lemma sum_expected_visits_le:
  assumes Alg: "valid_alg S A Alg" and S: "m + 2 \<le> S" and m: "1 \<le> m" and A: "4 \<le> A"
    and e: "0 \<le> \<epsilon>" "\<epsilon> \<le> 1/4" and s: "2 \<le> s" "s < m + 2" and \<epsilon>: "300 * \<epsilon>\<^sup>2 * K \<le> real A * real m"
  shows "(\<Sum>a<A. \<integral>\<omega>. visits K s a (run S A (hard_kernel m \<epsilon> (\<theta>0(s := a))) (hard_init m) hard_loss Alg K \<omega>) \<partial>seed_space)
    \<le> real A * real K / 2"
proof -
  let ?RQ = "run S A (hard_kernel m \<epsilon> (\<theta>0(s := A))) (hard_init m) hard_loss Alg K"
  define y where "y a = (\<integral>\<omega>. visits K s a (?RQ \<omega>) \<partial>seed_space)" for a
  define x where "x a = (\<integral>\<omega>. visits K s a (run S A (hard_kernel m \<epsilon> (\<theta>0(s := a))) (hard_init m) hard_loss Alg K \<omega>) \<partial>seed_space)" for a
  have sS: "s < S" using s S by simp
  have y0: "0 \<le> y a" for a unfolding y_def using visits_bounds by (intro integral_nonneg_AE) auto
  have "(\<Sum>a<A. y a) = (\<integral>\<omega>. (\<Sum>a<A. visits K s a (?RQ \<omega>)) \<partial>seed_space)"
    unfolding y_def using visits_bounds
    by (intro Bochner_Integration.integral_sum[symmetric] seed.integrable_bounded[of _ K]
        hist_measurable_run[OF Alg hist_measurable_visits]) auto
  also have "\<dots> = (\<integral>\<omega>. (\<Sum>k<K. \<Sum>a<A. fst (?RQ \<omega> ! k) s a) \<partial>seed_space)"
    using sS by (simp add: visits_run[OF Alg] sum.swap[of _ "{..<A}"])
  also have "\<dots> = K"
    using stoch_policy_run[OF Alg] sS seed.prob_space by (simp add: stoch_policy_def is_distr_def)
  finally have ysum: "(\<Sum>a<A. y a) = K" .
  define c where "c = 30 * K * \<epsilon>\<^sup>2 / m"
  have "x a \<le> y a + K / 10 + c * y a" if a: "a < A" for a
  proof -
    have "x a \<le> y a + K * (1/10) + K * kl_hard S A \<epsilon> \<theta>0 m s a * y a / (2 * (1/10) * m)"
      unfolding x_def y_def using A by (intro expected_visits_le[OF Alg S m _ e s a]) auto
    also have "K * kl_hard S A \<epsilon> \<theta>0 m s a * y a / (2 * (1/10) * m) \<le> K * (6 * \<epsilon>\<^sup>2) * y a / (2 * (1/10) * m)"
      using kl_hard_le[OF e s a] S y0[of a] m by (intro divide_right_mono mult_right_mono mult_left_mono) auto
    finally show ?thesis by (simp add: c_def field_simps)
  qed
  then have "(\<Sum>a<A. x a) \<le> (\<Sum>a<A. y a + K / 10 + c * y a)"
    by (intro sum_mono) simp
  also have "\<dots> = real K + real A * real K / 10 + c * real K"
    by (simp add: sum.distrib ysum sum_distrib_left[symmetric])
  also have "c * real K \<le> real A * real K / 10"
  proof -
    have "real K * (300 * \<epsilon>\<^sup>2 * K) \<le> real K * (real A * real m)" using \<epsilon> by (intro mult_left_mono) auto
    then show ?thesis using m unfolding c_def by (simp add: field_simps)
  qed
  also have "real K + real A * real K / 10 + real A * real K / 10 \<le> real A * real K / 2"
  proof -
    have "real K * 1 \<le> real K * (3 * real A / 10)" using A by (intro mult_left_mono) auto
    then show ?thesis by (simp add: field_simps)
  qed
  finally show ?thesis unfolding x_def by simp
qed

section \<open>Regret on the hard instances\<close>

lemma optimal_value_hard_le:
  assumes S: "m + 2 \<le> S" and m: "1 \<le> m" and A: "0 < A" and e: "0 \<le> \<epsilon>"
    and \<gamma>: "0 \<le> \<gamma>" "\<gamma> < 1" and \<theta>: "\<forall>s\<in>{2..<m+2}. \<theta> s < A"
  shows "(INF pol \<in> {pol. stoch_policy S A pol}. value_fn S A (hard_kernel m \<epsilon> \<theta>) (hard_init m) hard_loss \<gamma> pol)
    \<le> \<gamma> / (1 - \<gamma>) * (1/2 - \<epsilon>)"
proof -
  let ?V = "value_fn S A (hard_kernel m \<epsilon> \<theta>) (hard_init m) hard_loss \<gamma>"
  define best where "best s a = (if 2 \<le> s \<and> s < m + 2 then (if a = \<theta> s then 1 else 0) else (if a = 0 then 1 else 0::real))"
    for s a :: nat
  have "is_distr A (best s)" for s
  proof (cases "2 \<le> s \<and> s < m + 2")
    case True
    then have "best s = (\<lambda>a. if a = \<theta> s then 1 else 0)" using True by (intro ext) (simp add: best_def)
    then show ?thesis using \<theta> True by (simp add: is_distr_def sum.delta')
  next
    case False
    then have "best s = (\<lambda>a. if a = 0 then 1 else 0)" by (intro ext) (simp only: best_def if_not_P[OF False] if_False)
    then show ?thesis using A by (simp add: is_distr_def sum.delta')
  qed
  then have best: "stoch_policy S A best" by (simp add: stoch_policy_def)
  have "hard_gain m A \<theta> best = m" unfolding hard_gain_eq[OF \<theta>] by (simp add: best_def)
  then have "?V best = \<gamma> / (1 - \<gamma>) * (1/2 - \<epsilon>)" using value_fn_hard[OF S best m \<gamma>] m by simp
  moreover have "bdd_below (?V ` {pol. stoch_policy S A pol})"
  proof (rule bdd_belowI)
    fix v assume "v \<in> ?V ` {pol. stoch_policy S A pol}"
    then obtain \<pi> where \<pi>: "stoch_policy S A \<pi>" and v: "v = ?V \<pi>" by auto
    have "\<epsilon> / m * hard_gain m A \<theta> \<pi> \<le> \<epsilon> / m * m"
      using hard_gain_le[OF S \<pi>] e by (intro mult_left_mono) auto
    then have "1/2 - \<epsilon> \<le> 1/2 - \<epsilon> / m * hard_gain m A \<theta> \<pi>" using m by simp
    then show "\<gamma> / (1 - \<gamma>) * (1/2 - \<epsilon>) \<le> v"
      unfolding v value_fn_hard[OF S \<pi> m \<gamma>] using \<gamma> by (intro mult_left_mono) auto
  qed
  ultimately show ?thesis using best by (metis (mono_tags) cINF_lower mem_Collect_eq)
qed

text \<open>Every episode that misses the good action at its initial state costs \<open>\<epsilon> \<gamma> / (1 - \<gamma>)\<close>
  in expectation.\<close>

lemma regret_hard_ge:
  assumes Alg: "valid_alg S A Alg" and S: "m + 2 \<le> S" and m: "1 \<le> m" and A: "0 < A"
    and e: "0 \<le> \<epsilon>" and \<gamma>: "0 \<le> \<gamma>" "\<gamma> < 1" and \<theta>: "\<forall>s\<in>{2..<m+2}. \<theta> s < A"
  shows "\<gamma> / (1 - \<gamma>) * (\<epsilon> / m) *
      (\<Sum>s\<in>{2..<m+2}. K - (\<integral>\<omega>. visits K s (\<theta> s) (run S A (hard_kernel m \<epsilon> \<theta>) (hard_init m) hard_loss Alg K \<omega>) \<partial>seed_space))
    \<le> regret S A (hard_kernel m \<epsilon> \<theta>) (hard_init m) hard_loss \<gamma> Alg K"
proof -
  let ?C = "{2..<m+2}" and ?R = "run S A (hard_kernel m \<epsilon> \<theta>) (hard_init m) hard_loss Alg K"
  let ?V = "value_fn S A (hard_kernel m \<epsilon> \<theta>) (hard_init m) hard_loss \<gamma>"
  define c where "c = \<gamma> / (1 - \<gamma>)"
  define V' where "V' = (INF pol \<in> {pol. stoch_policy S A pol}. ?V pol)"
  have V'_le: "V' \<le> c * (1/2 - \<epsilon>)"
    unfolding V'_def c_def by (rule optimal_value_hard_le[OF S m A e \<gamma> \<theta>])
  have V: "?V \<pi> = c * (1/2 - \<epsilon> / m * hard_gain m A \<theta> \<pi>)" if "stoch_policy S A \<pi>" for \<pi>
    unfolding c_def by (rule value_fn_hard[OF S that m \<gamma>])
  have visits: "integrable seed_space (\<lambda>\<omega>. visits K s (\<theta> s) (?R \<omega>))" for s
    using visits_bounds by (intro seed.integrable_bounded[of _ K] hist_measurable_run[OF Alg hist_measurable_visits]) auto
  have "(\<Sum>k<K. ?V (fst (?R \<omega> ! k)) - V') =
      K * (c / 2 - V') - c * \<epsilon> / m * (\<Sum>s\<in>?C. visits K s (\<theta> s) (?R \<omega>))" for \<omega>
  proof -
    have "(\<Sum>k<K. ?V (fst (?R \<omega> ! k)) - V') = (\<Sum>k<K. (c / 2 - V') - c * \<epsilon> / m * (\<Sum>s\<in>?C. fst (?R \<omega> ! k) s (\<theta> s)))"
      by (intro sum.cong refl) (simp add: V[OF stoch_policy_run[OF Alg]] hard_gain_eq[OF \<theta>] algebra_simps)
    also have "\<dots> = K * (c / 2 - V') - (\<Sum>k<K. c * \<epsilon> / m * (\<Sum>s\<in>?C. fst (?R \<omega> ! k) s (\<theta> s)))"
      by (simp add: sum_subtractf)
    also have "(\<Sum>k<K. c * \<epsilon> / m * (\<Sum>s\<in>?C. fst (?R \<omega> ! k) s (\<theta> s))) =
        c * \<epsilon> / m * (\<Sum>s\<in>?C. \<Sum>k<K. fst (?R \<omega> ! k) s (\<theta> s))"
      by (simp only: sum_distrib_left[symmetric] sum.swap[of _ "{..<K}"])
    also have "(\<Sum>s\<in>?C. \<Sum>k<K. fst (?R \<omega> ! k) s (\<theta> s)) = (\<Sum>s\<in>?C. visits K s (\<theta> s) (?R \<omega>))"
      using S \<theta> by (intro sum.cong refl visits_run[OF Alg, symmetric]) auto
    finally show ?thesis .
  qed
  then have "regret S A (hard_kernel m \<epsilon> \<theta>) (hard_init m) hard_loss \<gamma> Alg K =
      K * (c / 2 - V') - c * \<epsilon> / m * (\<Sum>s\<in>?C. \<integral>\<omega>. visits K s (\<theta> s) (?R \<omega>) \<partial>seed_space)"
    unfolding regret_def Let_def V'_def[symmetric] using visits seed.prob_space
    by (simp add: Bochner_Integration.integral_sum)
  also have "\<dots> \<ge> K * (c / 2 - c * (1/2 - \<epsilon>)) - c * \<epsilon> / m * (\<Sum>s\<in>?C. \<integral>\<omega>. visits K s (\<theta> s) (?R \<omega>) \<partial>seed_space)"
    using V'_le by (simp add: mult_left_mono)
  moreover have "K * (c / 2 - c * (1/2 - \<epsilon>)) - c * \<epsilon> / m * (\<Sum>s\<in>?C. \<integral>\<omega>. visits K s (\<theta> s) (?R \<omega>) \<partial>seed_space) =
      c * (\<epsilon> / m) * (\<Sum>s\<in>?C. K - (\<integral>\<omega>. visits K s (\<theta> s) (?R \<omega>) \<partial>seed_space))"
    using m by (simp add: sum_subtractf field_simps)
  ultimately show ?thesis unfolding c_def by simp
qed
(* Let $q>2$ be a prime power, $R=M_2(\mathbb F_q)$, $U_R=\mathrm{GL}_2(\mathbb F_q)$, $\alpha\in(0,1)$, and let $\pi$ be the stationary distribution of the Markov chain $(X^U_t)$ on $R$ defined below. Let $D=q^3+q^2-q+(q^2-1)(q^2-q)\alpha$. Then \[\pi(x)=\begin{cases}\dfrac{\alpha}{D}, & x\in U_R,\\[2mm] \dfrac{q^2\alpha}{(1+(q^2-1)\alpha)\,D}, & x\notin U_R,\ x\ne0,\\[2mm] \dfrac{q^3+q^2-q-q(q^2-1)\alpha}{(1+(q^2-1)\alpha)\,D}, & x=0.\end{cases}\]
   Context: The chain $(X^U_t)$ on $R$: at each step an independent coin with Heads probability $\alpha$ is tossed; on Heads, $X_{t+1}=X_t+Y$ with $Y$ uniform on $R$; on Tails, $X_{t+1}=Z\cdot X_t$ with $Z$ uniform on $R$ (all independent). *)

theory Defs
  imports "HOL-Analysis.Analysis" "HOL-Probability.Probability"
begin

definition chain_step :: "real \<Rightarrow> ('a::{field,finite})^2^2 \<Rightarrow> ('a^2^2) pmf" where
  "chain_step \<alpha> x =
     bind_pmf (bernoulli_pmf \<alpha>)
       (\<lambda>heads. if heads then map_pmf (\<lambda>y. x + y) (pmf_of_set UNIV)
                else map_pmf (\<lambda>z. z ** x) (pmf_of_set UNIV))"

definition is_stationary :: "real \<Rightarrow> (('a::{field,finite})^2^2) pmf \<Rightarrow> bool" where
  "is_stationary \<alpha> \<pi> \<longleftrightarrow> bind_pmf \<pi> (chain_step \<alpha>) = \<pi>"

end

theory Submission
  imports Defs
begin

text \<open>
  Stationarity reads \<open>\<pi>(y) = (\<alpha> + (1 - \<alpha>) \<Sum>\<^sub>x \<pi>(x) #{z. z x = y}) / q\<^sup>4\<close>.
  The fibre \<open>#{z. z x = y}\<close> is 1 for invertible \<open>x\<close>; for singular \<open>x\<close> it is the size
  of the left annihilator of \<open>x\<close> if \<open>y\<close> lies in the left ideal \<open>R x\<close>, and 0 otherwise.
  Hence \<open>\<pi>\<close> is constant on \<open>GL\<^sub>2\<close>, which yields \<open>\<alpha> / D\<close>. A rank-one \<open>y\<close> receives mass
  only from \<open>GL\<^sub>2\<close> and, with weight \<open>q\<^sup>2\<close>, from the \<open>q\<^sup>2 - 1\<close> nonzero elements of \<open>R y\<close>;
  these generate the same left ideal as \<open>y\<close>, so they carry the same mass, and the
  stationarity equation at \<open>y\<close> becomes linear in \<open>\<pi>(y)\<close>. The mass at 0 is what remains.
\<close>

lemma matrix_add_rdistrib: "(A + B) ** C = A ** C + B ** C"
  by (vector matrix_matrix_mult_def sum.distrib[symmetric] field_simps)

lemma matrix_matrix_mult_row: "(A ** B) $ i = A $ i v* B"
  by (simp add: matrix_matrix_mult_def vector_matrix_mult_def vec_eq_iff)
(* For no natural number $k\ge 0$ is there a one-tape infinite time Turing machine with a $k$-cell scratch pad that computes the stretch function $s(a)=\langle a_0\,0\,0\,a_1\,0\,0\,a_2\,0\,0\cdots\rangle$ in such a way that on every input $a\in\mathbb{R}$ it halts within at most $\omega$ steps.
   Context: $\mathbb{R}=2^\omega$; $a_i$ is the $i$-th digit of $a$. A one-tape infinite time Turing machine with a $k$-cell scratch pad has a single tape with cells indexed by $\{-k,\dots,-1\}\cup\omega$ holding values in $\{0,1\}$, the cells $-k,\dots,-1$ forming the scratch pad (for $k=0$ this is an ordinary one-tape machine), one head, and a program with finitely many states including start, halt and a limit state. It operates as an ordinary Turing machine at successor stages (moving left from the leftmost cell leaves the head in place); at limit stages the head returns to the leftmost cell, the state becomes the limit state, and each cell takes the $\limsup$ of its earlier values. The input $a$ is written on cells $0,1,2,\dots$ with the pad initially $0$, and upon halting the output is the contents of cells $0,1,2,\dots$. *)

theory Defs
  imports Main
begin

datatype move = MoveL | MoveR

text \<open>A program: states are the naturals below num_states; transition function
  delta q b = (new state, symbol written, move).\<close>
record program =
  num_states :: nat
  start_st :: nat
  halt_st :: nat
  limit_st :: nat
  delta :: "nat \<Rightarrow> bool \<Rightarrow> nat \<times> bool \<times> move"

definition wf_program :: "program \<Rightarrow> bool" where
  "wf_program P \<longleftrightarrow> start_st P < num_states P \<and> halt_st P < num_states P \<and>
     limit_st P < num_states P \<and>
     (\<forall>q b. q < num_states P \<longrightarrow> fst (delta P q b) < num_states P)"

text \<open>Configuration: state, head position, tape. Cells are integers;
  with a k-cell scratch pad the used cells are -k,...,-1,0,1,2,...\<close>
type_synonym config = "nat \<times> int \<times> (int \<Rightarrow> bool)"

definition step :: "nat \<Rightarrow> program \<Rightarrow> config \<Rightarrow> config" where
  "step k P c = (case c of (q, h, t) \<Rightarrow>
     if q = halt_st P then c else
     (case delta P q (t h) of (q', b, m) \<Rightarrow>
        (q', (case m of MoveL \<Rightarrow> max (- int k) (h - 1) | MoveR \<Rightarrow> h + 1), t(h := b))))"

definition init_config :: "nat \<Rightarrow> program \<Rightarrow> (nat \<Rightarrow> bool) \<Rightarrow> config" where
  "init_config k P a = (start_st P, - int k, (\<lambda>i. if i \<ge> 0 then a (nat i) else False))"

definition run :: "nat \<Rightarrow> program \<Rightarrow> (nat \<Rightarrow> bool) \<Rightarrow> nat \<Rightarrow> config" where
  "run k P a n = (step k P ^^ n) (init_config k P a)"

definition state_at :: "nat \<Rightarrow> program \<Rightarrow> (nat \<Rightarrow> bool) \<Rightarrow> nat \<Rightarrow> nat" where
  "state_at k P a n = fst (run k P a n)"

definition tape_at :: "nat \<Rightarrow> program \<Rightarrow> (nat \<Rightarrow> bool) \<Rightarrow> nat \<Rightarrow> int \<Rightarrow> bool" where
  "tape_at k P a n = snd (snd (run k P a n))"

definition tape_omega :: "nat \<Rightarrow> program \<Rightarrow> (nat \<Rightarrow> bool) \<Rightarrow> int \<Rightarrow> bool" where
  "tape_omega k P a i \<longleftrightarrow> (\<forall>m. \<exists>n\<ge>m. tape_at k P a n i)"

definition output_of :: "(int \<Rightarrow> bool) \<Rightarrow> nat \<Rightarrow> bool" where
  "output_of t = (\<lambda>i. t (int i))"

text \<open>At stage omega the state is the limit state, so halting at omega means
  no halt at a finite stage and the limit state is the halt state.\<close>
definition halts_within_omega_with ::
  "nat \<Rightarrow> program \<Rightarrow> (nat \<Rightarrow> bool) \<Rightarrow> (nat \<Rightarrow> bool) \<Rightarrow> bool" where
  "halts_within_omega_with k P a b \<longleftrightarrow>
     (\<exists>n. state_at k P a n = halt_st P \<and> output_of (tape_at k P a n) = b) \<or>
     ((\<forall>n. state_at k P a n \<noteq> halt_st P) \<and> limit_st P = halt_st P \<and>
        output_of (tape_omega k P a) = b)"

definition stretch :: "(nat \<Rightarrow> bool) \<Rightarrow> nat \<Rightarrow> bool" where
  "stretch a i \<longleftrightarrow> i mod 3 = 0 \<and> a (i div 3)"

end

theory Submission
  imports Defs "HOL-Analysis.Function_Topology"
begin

WHAT THE TASK ASKS — Beginning with the first line of the records above, reproduce each line exactly, ending at the line that contains "K * \<epsilon>\<^sup>2", and leave out everything else.

ANSWER AREA —
lemma sum_expected_visits_le:
  assumes Alg: "valid_alg S A Alg" and S: "m + 2 \<le> S" and m: "1 \<le> m" and A: "4 \<le> A"
    and e: "0 \<le> \<epsilon>" "\<epsilon> \<le> 1/4" and s: "2 \<le> s" "s < m + 2" and \<epsilon>: "300 * \<epsilon>\<^sup>2 * K \<le> real A * real m"
  shows "(\<Sum>a<A. \<integral>\<omega>. visits K s a (run S A (hard_kernel m \<epsilon> (\<theta>0(s := a))) (hard_init m) hard_loss Alg K \<omega>) \<partial>seed_space)
    \<le> real A * real K / 2"
proof -
  let ?RQ = "run S A (hard_kernel m \<epsilon> (\<theta>0(s := A))) (hard_init m) hard_loss Alg K"
  define y where "y a = (\<integral>\<omega>. visits K s a (?RQ \<omega>) \<partial>seed_space)" for a
  define x where "x a = (\<integral>\<omega>. visits K s a (run S A (hard_kernel m \<epsilon> (\<theta>0(s := a))) (hard_init m) hard_loss Alg K \<omega>) \<partial>seed_space)" for a
  have sS: "s < S" using s S by simp
  have y0: "0 \<le> y a" for a unfolding y_def using visits_bounds by (intro integral_nonneg_AE) auto
  have "(\<Sum>a<A. y a) = (\<integral>\<omega>. (\<Sum>a<A. visits K s a (?RQ \<omega>)) \<partial>seed_space)"
    unfolding y_def using visits_bounds
    by (intro Bochner_Integration.integral_sum[symmetric] seed.integrable_bounded[of _ K]
        hist_measurable_run[OF Alg hist_measurable_visits]) auto
  also have "\<dots> = (\<integral>\<omega>. (\<Sum>k<K. \<Sum>a<A. fst (?RQ \<omega> ! k) s a) \<partial>seed_space)"
    using sS by (simp add: visits_run[OF Alg] sum.swap[of _ "{..<A}"])
  also have "\<dots> = K"
    using stoch_policy_run[OF Alg] sS seed.prob_space by (simp add: stoch_policy_def is_distr_def)
  finally have ysum: "(\<Sum>a<A. y a) = K" .
  define c where "c = 30 * K * \<epsilon>\<^sup>2 / m"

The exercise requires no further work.